En guise de conclusion

En somme, il n’y a guère de marge de manœuvre dans les relations entre l’Union européenne et la Russie, d’autant plus que cette dernière n’est pas en position de demandeur. Les griefs et revendications géopolitiques de Moscou sont à l’Ouest et, en l’état actuel des choses, les positions et intérêts sino-russes sont alignés. Dirigeants russes et chinois pensent que leur heure a sonné. D’aucuns croient pouvoir détacher Moscou de cette alliance en pointant le risque de vassalisation à l’égard de la superpuissance chinoise : les Russes estiment que leur arsenal nucléaire, leur activisme stratégique et l’audace tactique dont ils font preuve compensent l’écart des potentiels de puissance.

Certes, rien n’est éternel ici-bas et il importe d’observer l’évolution des rapports sino-russes, afin de guetter d’éventuelles dissensions susceptibles d’être exploitées. Le paradoxe réside dans le fait qu’une « Russie-Eurasie » tournée vers l’Orient et soucieuse de défendre ses positions au Turkestan et dans l’Asie-Pacifique nous serait plus favorable qu’une Russie prétendument européenne, obsédée par l’élargissement de ses frontières occidentales.

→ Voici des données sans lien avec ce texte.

lemma pairs_image:
  assumes "inj_on h S"
  shows "pairs (h ` S) = image h ` pairs S"
proof
  show "pairs (h ` S) \<subseteq> image h ` pairs S"
    unfolding pairs_def by (auto intro!: image_eqI[where x = "{_, _}"])
  show "image h ` pairs S \<subseteq> pairs (h ` S)"
    using assms unfolding pairs_def inj_on_def by auto
qed

lemma pairs_subset_iff_clique: "pairs S \<subseteq> C \<longleftrightarrow> clique S C"
  unfolding pairs_def clique_def by blast

lemma pairs_disjoint_iff_indep: "pairs S \<inter> C = {} \<longleftrightarrow> indep S C"
  unfolding pairs_def indep_def by blast

lemma ramsey_num_homogeneous_lessThan:
  "\<forall>C. \<exists>S \<subseteq> {..<ramsey_num n}. card S = n \<and> (pairs S \<subseteq> C \<or> pairs S \<inter> C = {})"
proof -
  obtain N where "\<forall>(V::nat set) E. finite V \<and> card V \<ge> N \<longrightarrow>
      (\<exists>S \<subseteq> V. card S = n \<and> clique S E \<or> card S = n \<and> indep S E)"
    using ramsey2[of n n] by blast
  then have "\<forall>C. \<exists>S \<subseteq> {..<N}. card S = n \<and> (pairs S \<subseteq> C \<or> pairs S \<inter> C = {})"
    unfolding pairs_subset_iff_clique pairs_disjoint_iff_indep
    by (metis card_lessThan finite_lessThan order_refl)
  then show ?thesis
    unfolding ramsey_num_def by (rule LeastI)
qed

lemma ramsey_num_homogeneous:
  assumes "finite V" "card V = ramsey_num n"
  shows "\<exists>S \<subseteq> V. card S = n \<and> (pairs S \<subseteq> C \<or> pairs S \<inter> C = {})"
proof -
  obtain h where h: "bij_betw h {..<ramsey_num n} V"
    using ex_bij_betw_nat_finite[OF assms(1)] assms(2) by (auto simp: atLeast0LessThan)
  obtain S where S: "S \<subseteq> {..<ramsey_num n}" "card S = n"
    and hom: "pairs S \<subseteq> {e. h ` e \<in> C} \<or> pairs S \<inter> {e. h ` e \<in> C} = {}"
    using ramsey_num_homogeneous_lessThan by blast
  have inj: "inj_on h S"
    using h S(1) by (auto simp: bij_betw_def intro: inj_on_subset)
  show ?thesis
  proof (intro exI conjI)
    show "h ` S \<subseteq> V"
      using h S(1) by (auto simp: bij_betw_def)
    show "card (h ` S) = n"
      using card_image[OF inj] S(2) by simp
    show "pairs (h ` S) \<subseteq> C \<or> pairs (h ` S) \<inter> C = {}"
      using hom unfolding pairs_image[OF inj] by blast
  qed
qed

text \<open>The part of independence the argument uses; unlike \<open>independent\<close> it stays
  true when further edges are built.\<close>

definition joined :: "'a set set \<Rightarrow> 'a set set \<Rightarrow> 'a set set \<Rightarrow> bool" where
  "joined D P Q \<longleftrightarrow> (\<forall>p\<in>P. \<forall>q\<in>Q. \<exists>x\<in>p. \<exists>y\<in>q. x \<noteq> y \<and> {x, y} \<in> D)"

lemma joined_mono: "joined D P Q \<Longrightarrow> D \<subseteq> D' \<Longrightarrow> joined D' P Q"
  unfolding joined_def by blast

lemma independent_imp_joined:
  assumes "\<forall>p\<in>P. \<forall>q\<in>Q. independent V R B p q"
  shows "joined R P Q" and "joined B P Q"
proof -
  have "x \<noteq> y" if "independent V R B p q" "x \<in> p" "y \<in> q" for p q x y
    using that unfolding independent_def by blast
  then show "joined R P Q" "joined B P Q"
    using assms unfolding independent_def joined_def by meson+
qed

lemma homogeneous_misses_joined_family:
  assumes "pairs S \<inter> D = {}" and "joined D P Q"
  shows "pairs S \<inter> P = {} \<or> pairs S \<inter> Q = {}"
proof (rule ccontr)
  assume "\<not> ?thesis"
  then obtain p q where p: "p \<in> pairs S" "p \<in> P" and q: "q \<in> pairs S" "q \<in> Q"
    by blast
  obtain x y where xy: "x \<in> p" "y \<in> q" "x \<noteq> y" "{x, y} \<in> D"
    using assms(2) p(2) q(2) unfolding joined_def by blast
  have "{x, y} \<in> pairs S"
    using xy(1-3) pairs_subset[OF p(1)] pairs_subset[OF q(1)] by (intro doubleton_in_pairs) auto
  then show False
    using assms(1) xy(4) by blast
qed

lemma one_family_forces_mono:
  assumes "finite V" "card V = ramsey_num n"
    and "R \<inter> B = {}" "(P \<union> Q) \<inter> (R \<union> B) = {}" "pairs V \<subseteq> R \<union> B \<union> P \<union> Q"
    and "joined R P Q" "joined B P Q"
  shows "(\<forall>Y\<subseteq>P. has_mono V n (R \<union> Y) (B \<union> (P - Y))) \<or>
         (\<forall>Z\<subseteq>Q. has_mono V n (R \<union> Z) (B \<union> (Q - Z)))"
proof (rule ccontr)
  assume "\<not> ?thesis"
  then obtain Y Z where Y: "Y \<subseteq> P" "\<not> has_mono V n (R \<union> Y) (B \<union> (P - Y))"
    and Z: "Z \<subseteq> Q" "\<not> has_mono V n (R \<union> Z) (B \<union> (Q - Z))"
    by blast
  obtain S where S: "S \<subseteq> V" "card S = n"
    and hom: "pairs S \<subseteq> R \<union> Y \<union> Z \<or> pairs S \<inter> (R \<union> Y \<union> Z) = {}"
    using ramsey_num_homogeneous[OF assms(1,2)] by blast
  from hom show False
  proof
    assume red: "pairs S \<subseteq> R \<union> Y \<union> Z"
    then have "pairs S \<inter> B = {}"
      using assms(3,4) Y(1) Z(1) by blast
    then have "pairs S \<inter> P = {} \<or> pairs S \<inter> Q = {}"
      using assms(7) by (rule homogeneous_misses_joined_family)
    then have "pairs S \<subseteq> R \<union> Y \<or> pairs S \<subseteq> R \<union> Z"
      using red Y(1) Z(1) by blast
    then show False
      using Y(2) Z(2) S unfolding has_mono_def by blast
  next
    assume blue: "pairs S \<inter> (R \<union> Y \<union> Z) = {}"
    then have "pairs S \<inter> R = {}"
      by blast
    then have "pairs S \<inter> P = {} \<or> pairs S \<inter> Q = {}"
      using assms(6) by (rule homogeneous_misses_joined_family)
    moreover have "pairs S \<subseteq> B \<union> (P - Y) \<union> (Q - Z)"
      using blue pairs_mono[OF S(1)] assms(5) by blast
    ultimately have "pairs S \<subseteq> B \<union> (P - Y) \<or> pairs S \<subseteq> B \<union> (Q - Z)"
      by blast
    then show False
      using Y(2) Z(2) S unfolding has_mono_def by blast
  qed
qed

lemma has_mono_imp_builder_wins: "has_mono V n R B \<Longrightarrow> builder_wins V n k R B"
  by (cases k) simp_all

lemma builder_wins_by_building:
  assumes "finite E" "E \<subseteq> pairs V - (R \<union> B)"
    and "\<And>X. X \<subseteq> E \<Longrightarrow> builder_wins V n j (R \<union> X) (B \<union> (E - X))"
  shows "builder_wins V n (card E + j) R B"
  using assms
proof (induction E arbitrary: R B rule: finite_induct)
  case empty
  then show ?case by simp
next
  case (insert e F)
  have red: "builder_wins V n (card F + j) (insert e R) B"
  proof (rule insert.IH)
    show "F \<subseteq> pairs V - (insert e R \<union> B)"
      using insert.prems(1) insert.hyps(2) by blast
    fix X assume "X \<subseteq> F"
    then have "builder_wins V n j (R \<union> insert e X) (B \<union> (insert e F - insert e X))"
      by (intro insert.prems(2)) blast
    moreover have "insert e F - insert e X = F - X"
      using insert.hyps(2) by blast
    ultimately show "builder_wins V n j (insert e R \<union> X) (B \<union> (F - X))"
      by simp
  qed
  have blue: "builder_wins V n (card F + j) R (insert e B)"
  proof (rule insert.IH)
    show "F \<subseteq> pairs V - (R \<union> insert e B)"
      using insert.prems(1) insert.hyps(2) by blast
    fix X assume X: "X \<subseteq> F"
    then have "builder_wins V n j (R \<union> X) (B \<union> (insert e F - X))"
      by (intro insert.prems(2)) blast
    moreover have "B \<union> (insert e F - X) = insert e B \<union> (F - X)"
      using X insert.hyps(2) by blast
    ultimately show "builder_wins V n j (R \<union> X) (insert e B \<union> (F - X))"
      by simp
  qed
  show ?case
    using red blue insert.prems(1) insert.hyps by auto
qed

lemma builder_wins_independent_families:
  assumes "finite V" "card V = ramsey_num n" "bichromatic V R B"
    and "\<forall>p\<in>P. unbuilt V R B p" "\<forall>q\<in>Q. unbuilt V R B q"
    and "\<forall>p\<in>P. \<forall>q\<in>Q. independent V R B p q"
  shows "builder_wins V n (card (pairs V - (R \<union> B)) - min (card P) (card Q)) R B"
proof -
  define W where "W = pairs V - (R \<union> B)"
  define E where "E = W - (P \<union> Q)"
  have "finite W"
    unfolding W_def using finite_pairs[OF assms(1)] by blast
  have PQW: "P \<union> Q \<subseteq> W"
    using assms(4,5) unfolding W_def unbuilt_def by blast
  have disj: "P \<inter> Q = {}"
    using assms(6) unfolding independent_def unbuilt_def pairs_def by blast
  have fin: "finite P" "finite Q" "finite E"
    using PQW \<open>finite W\<close> finite_subset unfolding E_def by blast+
  have after_E: "builder_wins V n (max (card P) (card Q)) (R \<union> X) (B \<union> (E - X))"
    if "X \<subseteq> E" for X
  proof -
    have "(\<forall>Y\<subseteq>P. has_mono V n (R \<union> X \<union> Y) (B \<union> (E - X) \<union> (P - Y))) \<or>
          (\<forall>Z\<subseteq>Q. has_mono V n (R \<union> X \<union> Z) (B \<union> (E - X) \<union> (Q - Z)))"
      using assms(3) PQW that independent_imp_joined[OF assms(6)]
      by (intro one_family_forces_mono[OF assms(1,2)])
        (auto simp: bichromatic_def W_def E_def elim: joined_mono)
    then show ?thesis
    proof
      assume "\<forall>Y\<subseteq>P. has_mono V n (R \<union> X \<union> Y) (B \<union> (E - X) \<union> (P - Y))"
      then have "builder_wins V n (card P + (max (card P) (card Q) - card P)) (R \<union> X) (B \<union> (E - X))"
        using fin PQW disj that
        by (intro builder_wins_by_building has_mono_imp_builder_wins) (auto simp: E_def W_def)
      then show ?thesis by simp
    next
      assume "\<forall>Z\<subseteq>Q. has_mono V n (R \<union> X \<union> Z) (B \<union> (E - X) \<union> (Q - Z))"
      then have "builder_wins V n (card Q + (max (card P) (card Q) - card Q)) (R \<union> X) (B \<union> (E - X))"
        using fin PQW disj that
        by (intro builder_wins_by_building has_mono_imp_builder_wins) (auto simp: E_def W_def)
      then show ?thesis by simp
    qed
  qed
  have "builder_wins V n (card E + max (card P) (card Q)) R B"
    by (rule builder_wins_by_building[OF fin(3) _ after_E]) (auto simp: E_def W_def)
  moreover have "card E + max (card P) (card Q) = card W - min (card P) (card Q)"
  proof -
    have "card E = card W - (card P + card Q)" "card P + card Q \<le> card W"
      using card_Diff_subset[of "P \<union> Q" W] card_mono[OF \<open>finite W\<close> PQW]
        card_Un_disjoint[OF fin(1,2) disj] fin PQW unfolding E_def by simp_all
    then show ?thesis
      by (auto simp: max_def min_def)
  qed
  ultimately show ?thesis
    unfolding W_def[symmetric] by simp
qed

lemma card_unbuilt:
  assumes "finite V" "bichromatic V R B"
  shows "card (pairs V - (R \<union> B)) + (card R + card B) = card V choose 2"
proof -
  have sub: "R \<union> B \<subseteq> pairs V" and disj: "R \<inter> B = {}"
    using assms(2) unfolding bichromatic_def by auto
  have fin: "finite (pairs V)" "finite R" "finite B"
    using finite_pairs[OF assms(1)] sub finite_subset by blast+
  have "card (pairs V - (R \<union> B)) + card (R \<union> B) = card (pairs V)"
    using card_Diff_subset[OF _ sub] card_mono[OF fin(1) sub] fin by simp
  then show ?thesis
    using card_Un_disjoint[OF fin(2,3) disj] card_pairs by simp
qed

lemma le_s_val:
  assumes "finite V" "bichromatic V R B" "s \<le> card (pairs V - (R \<union> B))"
    and "builder_wins V n (card (pairs V - (R \<union> B)) - s) R B"
  shows "s \<le> s_val V n R B"
proof -
  let ?u = "int (card V choose 2) - int (card R + card B)"
  have u: "?u = int (card (pairs V - (R \<union> B)))"
    using arg_cong[OF card_unbuilt[OF assms(1,2)], of int] by simp
  have "int s \<le> ?u \<and> builder_wins V n (nat (?u - int s)) R B"
    using assms(3,4) unfolding u by (simp add: nat_diff_distrib)
  moreover have "t \<le> card V choose 2" if "int t \<le> ?u \<and> builder_wins V n (nat (?u - int t)) R B" for t
    using conjunct1[OF that] by linarith
  ultimately show ?thesis
    unfolding s_val_def by (rule Greatest_le_nat)
qed

theorem lemma2p5:
  fixes V :: "'a set" and n :: nat and R B P Q :: "'a set set"
  assumes "n \<ge> 3"
    and "finite V" and "card V = ramsey_num n"
    and "bichromatic V R B"
    and "\<forall>p\<in>P. unbuilt V R B p" and "\<forall>q\<in>Q. unbuilt V R B q"
    and "finite P" and "finite Q"
    and "\<forall>p\<in>P. \<forall>q\<in>Q. independent V R B p q"
  shows "min (card P) (card Q) \<le> s_val V n R B"
proof (rule le_s_val[OF assms(2,4)])
  have "P \<subseteq> pairs V - (R \<union> B)"
    using assms(5) unfolding unbuilt_def by blast
  then show "min (card P) (card Q) \<le> card (pairs V - (R \<union> B))"
    using finite_pairs[OF assms(2)] by (meson card_mono finite_Diff min.coboundedI1 order_trans)
  show "builder_wins V n (card (pairs V - (R \<union> B)) - min (card P) (card Q)) R B"
    using assms(2-6,9) by (rule builder_wins_independent_families)
qed

end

Encore faut-il au préalable persuader Moscou qu’il n’y aura pas de nouvelles opportunités à saisir en Ukraine et sur l’axe Baltique-mer Noire, c’est-à-dire sur les frontières orientales de l’Europe. Cela exclut toute politique d’accommodement ou, pour le dire mieux, d’apaisement.

Professeur agrégé d’histoire-géographie et chercheur à l’Institut Français de Géopolitique (Université Paris VIII). Auteur de plusieurs ouvrages, il travaille au sein de l’Institut Thomas More sur les enjeux géopolitiques et de défense en Europe. Ses domaines de recherche couvrent la zone Baltique-mer Noire, l’Eurasie post-soviétique et la Méditerranée.

Notes

  1. Si la slavophilie fait figure d’utopie ruraliste et chrétienne, certains de ses héritiers rallient l’impérialisme russe. « Doctrinaires orientaux » et « asianistes » opposent la Russie à la civilisation occidentale et cherchent des appuis en Orient. Ils préfigurent l’eurasisme et la définition de la Russie comme « monde du milieu ».
  2. La définition marxiste de l’idéologie.
  3. Il s’agissait de défaire l’alliance objective entre les États-Unis et la Chine populaire, nouée dans les années 1970, et s’assurer l’appui de Moscou contre Pékin.
  4. La SCO, Shanghai Cooperation Organization, est un forum international qui regroupe nombre de pays d’Asie. Moscou et Pékin sont les moteurs de cette « Grande Asie » désormais élargie à l’Iran (2021).